* _Exercise prompt_
Write out each line of the entries below that holds the word "intro".

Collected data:

text \<open>Union bound: 11/16 of the sets satisfy the first condition of informativeness and,
  by averaging over subsets, at least (11/16 - 1/10) / (9/10) > 7/16 satisfy the second.\<close>
lemma card_informative_ge:
  fixes k H :: real
  assumes n: "n > 0" and k: "k > 0" and H: "H > 0" and kH: "H * \<epsilon>^2 / 2 \<le> k" and rt: "r \<le> t"
    and score_pos: "1 / H \<le> ScoreJ AES n f True i t * 2^t / sqrt n"
    and score_neg: "1 / H \<le> ScoreJ AES n f False i r * 2^r / sqrt n"
  shows "1/8 * real (card (Pfam n i t)) \<le>
    real (card {S\<in>Pfam n i t. informative AES n f \<epsilon> (k * 2^t / n) (k * 2^r / n) r i S})"
proof -
  define \<theta>\<^sub>1 where "\<theta>\<^sub>1 = 0.1 * \<epsilon>^2 / (k * 2^t / n * sqrt n)"
  define \<theta>\<^sub>2 where "\<theta>\<^sub>2 = 0.1 * \<epsilon>^2 / (k * 2^r / n * sqrt n)"
  define P where "P = Pfam n i t"
  define A where "A = {S\<in>P. \<theta>\<^sub>1 \<le> GoodFrac AES n f True i S}"
  define B where "B = {S\<in>P. 0.1 * real (card {T. T \<subseteq> S \<and> card T = 2^r - 1}) \<le>
      real (card {T. T \<subseteq> S \<and> card T = 2^r - 1 \<and> \<theta>\<^sub>2 \<le> GoodFrac AES n f False i T})}"
  have "0 < 1 / H" using H by simp
  then have "0 < ScoreJ AES n f True i t * 2^t / sqrt n" and "0 < ScoreJ AES n f False i r * 2^r / sqrt n"
    using score_pos score_neg by linarith+
  then have pos_score: "ScoreJ AES n f True i t > 0" and neg_score: "ScoreJ AES n f False i r > 0"
    using n by (simp_all add: zero_less_divide_iff zero_less_mult_iff)
  have pos_threshold: "\<theta>\<^sub>1 \<le> ScoreJ AES n f True i t / 5"
    unfolding \<theta>\<^sub>1_def by (rule threshold_le_score_div_5[OF _ k H _ kH score_pos]) (use n in simp_all)
  have neg_threshold: "\<theta>\<^sub>2 \<le> ScoreJ AES n f False i r / 5"
    unfolding \<theta>\<^sub>2_def by (rule threshold_le_score_div_5[OF _ k H _ kH score_neg]) (use n in simp_all)
  have A: "11/16 * real (card P) \<le> real (card A)"
    unfolding A_def P_def using card_GoodFrac_ge[OF pos_threshold pos_score] .
  have dense: "11/16 * real (card (Pfam n i r)) \<le>
      real (card {T\<in>Pfam n i r. \<theta>\<^sub>2 \<le> GoodFrac AES n f False i T})"
    using card_GoodFrac_ge[OF neg_threshold neg_score] .
  have "2^r - 1 \<le> (2::nat)^t - 1" using rt by (simp add: diff_le_mono power_increasing)
  then have B: "(11/16 - 0.1) * real (card P) \<le> (1 - 0.1) * real (card B)"
    unfolding B_def P_def Pfam_def
    by (rule card_dense_supersets[rotated]) (use dense in \<open>simp_all add: Pfam_def conj_assoc\<close>)
  have fP: "finite P" and AP: "A \<subseteq> P" and BP: "B \<subseteq> P" by (auto simp: P_def Pfam_def A_def B_def)
  then have "real (card (A \<union> B)) + real (card (A \<inter> B)) = real (card A) + real (card B)"
    using card_Un_Int[OF finite_subset[OF AP fP] finite_subset[OF BP fP]] by (metis of_nat_add)
  moreover have "real (card (A \<union> B)) \<le> real (card P)" using fP AP BP by (simp add: card_mono)
  ultimately have "1/8 * real (card P) \<le> real (card (A \<inter> B))"
    using A B by (simp add: algebra_simps)
  also have "card (A \<inter> B) \<le> card {S\<in>P. informative AES n f \<epsilon> (k * 2^t / n) (k * 2^r / n) r i S}"
    using fP by (intro card_mono) (auto simp: A_def B_def informative_def \<theta>\<^sub>1_def \<theta>\<^sub>2_def)
  finally show ?thesis by (simp add: P_def)
qed
lemma subset_sums_mod_Suc:
  assumes "x \<in> subset_sums_mod p d m"
  shows "x \<in> subset_sums_mod p d (Suc m)" "(x + d m) mod int p \<in> subset_sums_mod p d (Suc m)"
proof -
  obtain S where S: "S \<subseteq> {..<m}" "x = (\<Sum>j\<in>S. d j) mod int p"
    using assms unfolding subset_sums_mod_def by auto
  then have S': "S \<subseteq> {..<Suc m}" "insert m S \<subseteq> {..<Suc m}" "m \<notin> S" by auto
  then show "x \<in> subset_sums_mod p d (Suc m)" using S(2) subset_sums_modI[OF S'(1)] by simp
  have "(\<Sum>j\<in>insert m S. d j) = d m + (\<Sum>j\<in>S. d j)" using S' finite_subset[OF S(1)] by simp
  then have "(x + d m) mod int p = (\<Sum>j\<in>insert m S. d j) mod int p"
    using S(2) by (simp add: mod_add_right_eq add.commute)
  then show "(x + d m) mod int p \<in> subset_sums_mod p d (Suc m)"
    using subset_sums_modI[OF S'(2)] by simp
qed

lemma residues_subset_if_translation_closed:
  assumes p: "prime p" and e: "\<not> int p dvd e"
    and closed: "\<And>x. x \<in> R \<Longrightarrow> (x + e) mod int p \<in> R" and "0 \<in> R"
  shows "{0..<int p} \<subseteq> R"
proof
  fix r assume r: "r \<in> {0..<int p}"
  have multiples: "(int k * e) mod int p \<in> R" for k
  proof (induction k)
    case (Suc k)
    have "(int (Suc k) * e) mod int p = ((int k * e) mod int p + e) mod int p"
      by (simp add: algebra_simps mod_add_right_eq)
    then show ?case using closed[OF Suc] by simp
  qed (simp add: \<open>0 \<in> R\<close>)
  have "coprime e (int p)"
    using p e by (metis coprime_commute prime_imp_coprime prime_nat_int_transfer)
  then obtain y where y: "[e * y = 1] (mod int p)" using cong_solve_coprime_int by blast
  define k where "k = nat ((y * r) mod int p)"
  have "int k = (y * r) mod int p" using p prime_gt_0_nat by (simp add: k_def)
  then have "(int k * e) mod int p = ((e * y) * r) mod int p"
    by (simp add: mod_mult_right_eq ac_simps)
  also have "\<dots> = r mod int p" using cong_scalar_right[OF y, of r] by (simp add: cong_def)
  also have "\<dots> = r" using r by simp
  finally show "r \<in> R" using multiples[of k] by simp
qed

lemma card_subset_sums_mod_ge:
  assumes p: "prime p" and d: "\<forall>j<m. \<not> int p dvd d j"
  shows "min p (m + 1) \<le> card (subset_sums_mod p d m)"
  using d
proof (induction m)
  case 0
  have "subset_sums_mod p d 0 = {0}" unfolding subset_sums_mod_def by auto
  then show ?case by simp
next
  case (Suc m)
  have p0: "0 < p" using p prime_gt_0_nat by simp
  have IH: "min p (m + 1) \<le> card (subset_sums_mod p d m)" using Suc by auto
  have dm: "\<not> int p dvd d m" using Suc.prems by simp
  have grow: "card (subset_sums_mod p d m) \<le> card (subset_sums_mod p d (Suc m))"
    using subset_sums_mod_Suc(1) finite_subset_sums_mod[OF p0] by (intro card_mono) auto
  show ?case
  proof (cases "p \<le> card (subset_sums_mod p d m)")
    case True
    then show ?thesis using grow by simp
  next
    case False
    have "\<not> {0..<int p} \<subseteq> subset_sums_mod p d m"
    proof
      assume "{0..<int p} \<subseteq> subset_sums_mod p d m"
      then have "card {0..<int p} \<le> card (subset_sums_mod p d m)"
        by (intro card_mono finite_subset_sums_mod p0)
      then show False using False by simp
    qed
    then obtain x where x: "x \<in> subset_sums_mod p d m" "(x + d m) mod int p \<notin> subset_sums_mod p d m"
      using residues_subset_if_translation_closed[OF p dm, of "subset_sums_mod p d m"]
        zero_in_subset_sums_mod by blast
    have "insert ((x + d m) mod int p) (subset_sums_mod p d m) \<subseteq> subset_sums_mod p d (Suc m)"
      using subset_sums_mod_Suc[OF x(1)] subset_sums_mod_Suc(1) by blast
    then have "card (insert ((x + d m) mod int p) (subset_sums_mod p d m))
        \<le> card (subset_sums_mod p d (Suc m))"
      by (intro card_mono finite_subset_sums_mod p0)
    then have "Suc (card (subset_sums_mod p d m)) \<le> card (subset_sums_mod p d (Suc m))"
      using x(2) finite_subset_sums_mod[OF p0] by simp
    then show ?thesis using IH by linarith
  qed
qed

lemma subset_sums_cover_residues:
  assumes p: "prime p" and d: "\<forall>j<p - 1. \<not> int p dvd d j"
  shows "\<exists>S\<subseteq>{..<p - 1}. [(\<Sum>j\<in>S. d j) = r] (mod int p)"
proof -
  have p0: "0 < p" using p prime_gt_0_nat by simp
  have "card {0..<int p} \<le> card (subset_sums_mod p d (p - 1))"
    using card_subset_sums_mod_ge[OF p d] p0 by simp
  then have "subset_sums_mod p d (p - 1) = {0..<int p}"
    using subset_sums_mod_subset[OF p0] by (intro card_seteq) auto
  then have "r mod int p \<in> subset_sums_mod p d (p - 1)" using p0 by simp
  then obtain S where "S \<subseteq> {..<p - 1}" "(\<Sum>j\<in>S. d j) mod int p = r mod int p"
    unfolding subset_sums_mod_def by auto
  then show ?thesis unfolding cong_def by blast
qed

section \<open>The one-dimensional inequality\<close>

lemma ex_maximizer:
  fixes f :: "'a \<Rightarrow> 'b::linorder"
  assumes "finite S" "S \<noteq> {}"
  shows "\<exists>x\<in>S. \<forall>y\<in>S. f y \<le> f x"
proof -
  have "Max (f ` S) \<in> f ` S" using assms by (intro Max_in) auto
  then obtain x where x: "x \<in> S" "f x = Max (f ` S)" by auto
  have "f y \<le> f x" if "y \<in> S" for y
    unfolding x(2) using assms(1) that by (intro Max_ge) auto
  then show ?thesis using x(1) by blast
qed

lemma prod_le_prod_subset:
  fixes f :: "'a \<Rightarrow> real"
  assumes "finite A" "S \<subseteq> A" "\<forall>i\<in>A. 0 \<le> f i \<and> f i \<le> 1"
  shows "prod f A \<le> prod f S"
proof -
  have "prod f A = prod f S * prod f (A - S)"
    using assms by (metis prod.subset_diff mult.commute)
  moreover have "prod f (A - S) \<le> 1" "0 \<le> prod f S"
    using assms by (auto intro!: prod_le_1 prod_nonneg)
  ultimately show ?thesis by (simp add: mult_left_le)
qed
lemma iter_pd_Nil [simp]: "iter_pd [] f = f"
  by (simp add: iter_pd_def)

lemma iter_pd_Cons [simp]: "iter_pd (i # is) f = pd i (iter_pd is f)"
  by (simp add: iter_pd_def)

lemma iter_pd_append: "iter_pd (is @ js) f = iter_pd is (iter_pd js f)"
  by (simp add: iter_pd_def)

lemma smooth_fun_differentiable: "smooth_fun f \<Longrightarrow> f differentiable (at x)"
  unfolding smooth_fun_def differentiable_on_def by (metis iter_pd_Nil UNIV_I)

lemma smooth_fun_continuous: "smooth_fun f \<Longrightarrow> continuous_on UNIV f"
  by (simp add: smooth_fun_differentiable differentiable_imp_continuous_on differentiable_on_def)

lemma smooth_fun_pd: "smooth_fun f \<Longrightarrow> smooth_fun (pd i f)"
  unfolding smooth_fun_def by (metis iter_pd_append iter_pd_Cons iter_pd_Nil)

lemma smooth_funI_pd_closed:
  assumes "f \<in> S" "\<And>g x. g \<in> S \<Longrightarrow> g differentiable (at x)" "\<And>g i. g \<in> S \<Longrightarrow> pd i g \<in> S"
  shows "smooth_fun f"
proof -
  have "iter_pd is f \<in> S" for "is"
    using assms(1,3) by (induction "is") auto
  then show ?thesis
    using assms(2) by (auto simp: smooth_fun_def differentiable_on_def)
qed

lemma smooth_fun_const: "smooth_fun (\<lambda>y. c)"
  by (rule smooth_funI_pd_closed[where S = "{\<lambda>y. c, \<lambda>y. 0}"]) auto
lemma divergence_tangent_JC:
  assumes u: "u \<in> V"
  shows "(\<Sum>i\<in>UNIV. \<Sum>j\<in>UNIV. partial (\<lambda>v. sqrt (det (g v)) * ginv v $ i $ j * wJ v j) i u) = 0"
proof -
  define s where "s = sgn (det (frame_matrix u))"
  obtain S where S: "open S" "u \<in> S" "S \<subseteq> V"
    and sqrt_det: "\<And>v. v \<in> S \<Longrightarrow> sqrt (det (g v)) = s * det (frame_matrix v)"
    using sign_neighbourhood[OF u] unfolding s_def by blast
  have density: "(\<Sum>j\<in>UNIV. sqrt (det (g v)) * ginv v $ i $ j * wJ v j) = s * det_cols (Jframe v i)"
    if v: "v \<in> S" for v i
  proof -
    have "(\<Sum>j\<in>UNIV. sqrt (det (g v)) * ginv v $ i $ j * wJ v j) = sqrt (det (g v)) * tangent_coord v $ i"
      by (simp add: tangent_coord_def matrix_vector_mult_def sum_distrib_left mult.assoc)
    then show ?thesis
      using sqrt_det[OF v] det_Jframe[of v i] v S(3) by auto
  qed
  have "(\<Sum>i\<in>UNIV. \<Sum>j\<in>UNIV. partial (\<lambda>v. sqrt (det (g v)) * ginv v $ i $ j * wJ v j) i u) =
      (\<Sum>i\<in>UNIV. partial (\<lambda>v. \<Sum>j\<in>UNIV. sqrt (det (g v)) * ginv v $ i $ j * wJ v j) i u)"
    by (intro sum.cong refl partial_sum[symmetric]) (simp_all add: differentiable_density[OF u])
  also have "\<dots> = (\<Sum>i\<in>UNIV. partial (\<lambda>v. s * det_cols (Jframe v i)) i u)"
  proof (intro sum.cong refl partial_cong_open[OF _ S(1,2)])
    show "(\<lambda>v. s * det_cols (Jframe v i)) differentiable (at u)" for i
      by (intro differentiable_mult differentiable_const partial_det_Jframe(1)[OF u])
  qed (simp add: density)
  also have "\<dots> = s * (\<Sum>i\<in>UNIV. \<Sum>c\<in>UNIV. det_cols ((Jframe u i)(c := Jframe_partial u i c)))"
    by (simp add: partial_const_mult partial_det_Jframe[OF u] sum_distrib_left)
  also have "\<dots> = 0"
    by (simp add: sum_partial_det_Jframe[OF u])
  finally show ?thesis .
qed
lemma abs_rel_swap_eq:
  assumes act: "perm_action X act" and x: "x \<in> X" and y: "y \<in> X"
    and xy: "abs_rel act (a, x) (b, y)"
    and e: "e \<notin> supp act x" "e \<notin> supp act y" "e \<noteq> a" "e \<noteq> b"
  shows "act (nswap a e) x = act (nswap b e) y"
proof -
  obtain c where c: "c \<noteq> a" "c \<noteq> b" "c \<notin> supp act x" "c \<notin> supp act y"
    "act (nswap a c) x = act (nswap b c) y"
    using xy unfolding abs_rel_iff fresh_def by blast
  show ?thesis
  proof (cases "e = c")
    case True
    then show ?thesis using c by simp
  next
    case False
    have "act (nswap a e) x = act (nswap c e) (act (nswap a c) x)"
      using swap_via_fresh[OF act x c(3) e(1)] c e False by simp
    moreover have "act (nswap b e) y = act (nswap c e) (act (nswap b c) y)"
      using swap_via_fresh[OF act y c(4) e(2)] c e False by simp
    ultimately show ?thesis
      using c(5) by simp
  qed
qed

lemma abs_rel_finite_supp:
  assumes act: "perm_action X act" and x: "x \<in> X" and y: "y \<in> X"
    and xy: "abs_rel act (a, x) (b, y)" and T: "finite T" "supports act T y"
  shows "finite (supp act x)"
proof -
  obtain c where "act (nswap a c) x = act (nswap b c) y"
    using xy unfolding abs_rel_iff by blast
  then have "act (nswap a c) (act (nswap b c) y) = x"
    using perm_action_swap_swap[OF act x, of a c] by simp
  moreover have "supports act (nswap a c ` nswap b c ` T) (act (nswap a c) (act (nswap b c) y))"
    using supports_swap[OF act _ supports_swap[OF act y T(2)]] perm_action_closed[OF act _ y]
    by simp
  moreover have "finite (nswap a c ` nswap b c ` T)"
    using T(1) by simp
  ultimately show ?thesis
    using finite_supp by metis
qed

lemma abs_rel_rename:
  assumes "nominal X act" and x: "x \<in> X" and b: "b \<notin> supp act x"
  shows "abs_rel act (a, x) (b, act (nswap a b) x)"
proof (cases "a = b")
  case True
  obtain c where "c \<notin> supp act x \<union> {a}"
    using ex_fresh_name[of "supp act x \<union> {a}"] nominal_finite_supp[OF assms(1) x] by blast
  moreover have "act id x = x"
    using nominal_perm_action[OF assms(1)] x by (rule perm_action_id)
  ultimately show ?thesis
    using True unfolding abs_rel_iff fresh_def by auto
next
  case False
  have act: "perm_action X act"
    using assms(1) by (rule nominal_perm_action)
  define y where "y = act (nswap a b) x"
  have y: "y \<in> X"
    unfolding y_def using perm_action_closed[OF act _ x] by simp
  obtain c where c: "c \<notin> supp act x \<union> supp act y \<union> {a, b}"
    using ex_fresh_name[of "supp act x \<union> supp act y \<union> {a, b}"]
      nominal_finite_supp[OF assms(1)] x y by blast
  have "act (nswap a c) x = act (nswap b c) y"
    unfolding y_def by (rule swap_via_fresh[OF act x]) (use False b c in auto)
  then show ?thesis
    unfolding y_def[symmetric] abs_rel_iff fresh_def using c by blast
qed

lemma abs_cl_refl: "x \<in> X \<Longrightarrow> finite (supp act x) \<Longrightarrow> (a, x) \<in> abs_cl X act a x"
proof -
  assume x: "x \<in> X" and "finite (supp act x)"
  then obtain c where "c \<notin> supp act x \<union> {a}"
    using ex_fresh_name[of "supp act x \<union> {a}"] by blast
  then have "abs_rel act (a, x) (a, x)"
    unfolding abs_rel_iff fresh_def by blast
  then show ?thesis
    using x by (simp add: abs_cl_def)
qed

lemma abs_cl_inject:
  assumes nom: "nominal X act" and x: "x \<in> X" and y: "y \<in> X"
    and eq: "abs_cl X act a x = abs_cl X act a y"
  shows "x = y"
proof -
  have act: "perm_action X act"
    using nom by (rule nominal_perm_action)
  have "(a, y) \<in> abs_cl X act a x"
    using abs_cl_refl[OF y nominal_finite_supp[OF nom y]] eq by simp
  then have xy: "abs_rel act (a, x) (a, y)"
    unfolding abs_cl_def by simp
  obtain e where e: "e \<notin> supp act x \<union> supp act y \<union> {a}"
    using ex_fresh_name[of "supp act x \<union> supp act y \<union> {a}"]
      nominal_finite_supp[OF nom] x y by blast
  have "act (nswap a e) x = act (nswap a e) y"
    by (rule abs_rel_swap_eq[OF act x y xy]) (use e in auto)
  then have "act (nswap a e) (act (nswap a e) x) = act (nswap a e) (act (nswap a e) y)"
    by simp
  then show "x = y"
    by (simp only: perm_action_swap_swap[OF act x] perm_action_swap_swap[OF act y])
qed

lemma Pufs_finite:
  assumes "nominal X act" "finite S" "S \<subseteq> X"
  shows "S \<in> Pufs X act"
  unfolding Pufs_def using assms nominal_finite_supp[OF assms(1)] by auto

lemma setact_finite_supp:
  assumes nom: "nominal X act" and S: "finite S" "S \<subseteq> X"
  shows "finite (supp (setact act) S)"
proof -
  have "\<forall>x\<in>S. \<exists>T. finite T \<and> supports act T x"
    using nom S(2) unfolding nominal_def by blast
  then obtain T where T: "\<forall>x\<in>S. finite (T x) \<and> supports act (T x) x"
    by (rule bchoice[elim_format]) blast
  have "supports (setact act) (\<Union>(T ` S)) S"
    unfolding supports_def setact_def
  proof (intro allI impI)
    fix p assume p: "perm_fin p \<and> (\<forall>a\<in>\<Union>(T ` S). p a = a)"
    then have "\<forall>x\<in>S. act p x = x"
      using T unfolding supports_def by blast
    then show "act p ` S = S"
      by simp
  qed
  moreover have "finite (\<Union>(T ` S))"
    using S(1) T by simp
  ultimately show ?thesis
    by (rule finite_supp[rotated])
qed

* _Answer to this task_
    using fP by (intro card_mono) (auto simp: A_def B_def informative_def \<theta>\<^sub>1_def \<theta>\<^sub>2_def)
    using subset_sums_mod_Suc(1) finite_subset_sums_mod[OF p0] by (intro card_mono) auto
        by (intro card_mono finite_subset_sums_mod p0)
      by (intro card_mono finite_subset_sums_mod p0)
    using subset_sums_mod_subset[OF p0] by (intro card_seteq) auto
  have "Max (f ` S) \<in> f ` S" using assms by (intro Max_in) auto
    unfolding x(2) using assms(1) that by (intro Max_ge) auto
    using assms by (auto intro!: prod_le_1 prod_nonneg)
    by (intro sum.cong refl partial_sum[symmetric]) (simp_all add: differentiable_density[OF u])
  proof (intro sum.cong refl partial_cong_open[OF _ S(1,2)])
      by (intro differentiable_mult differentiable_const partial_det_Jframe(1)[OF u])
  proof (intro allI impI)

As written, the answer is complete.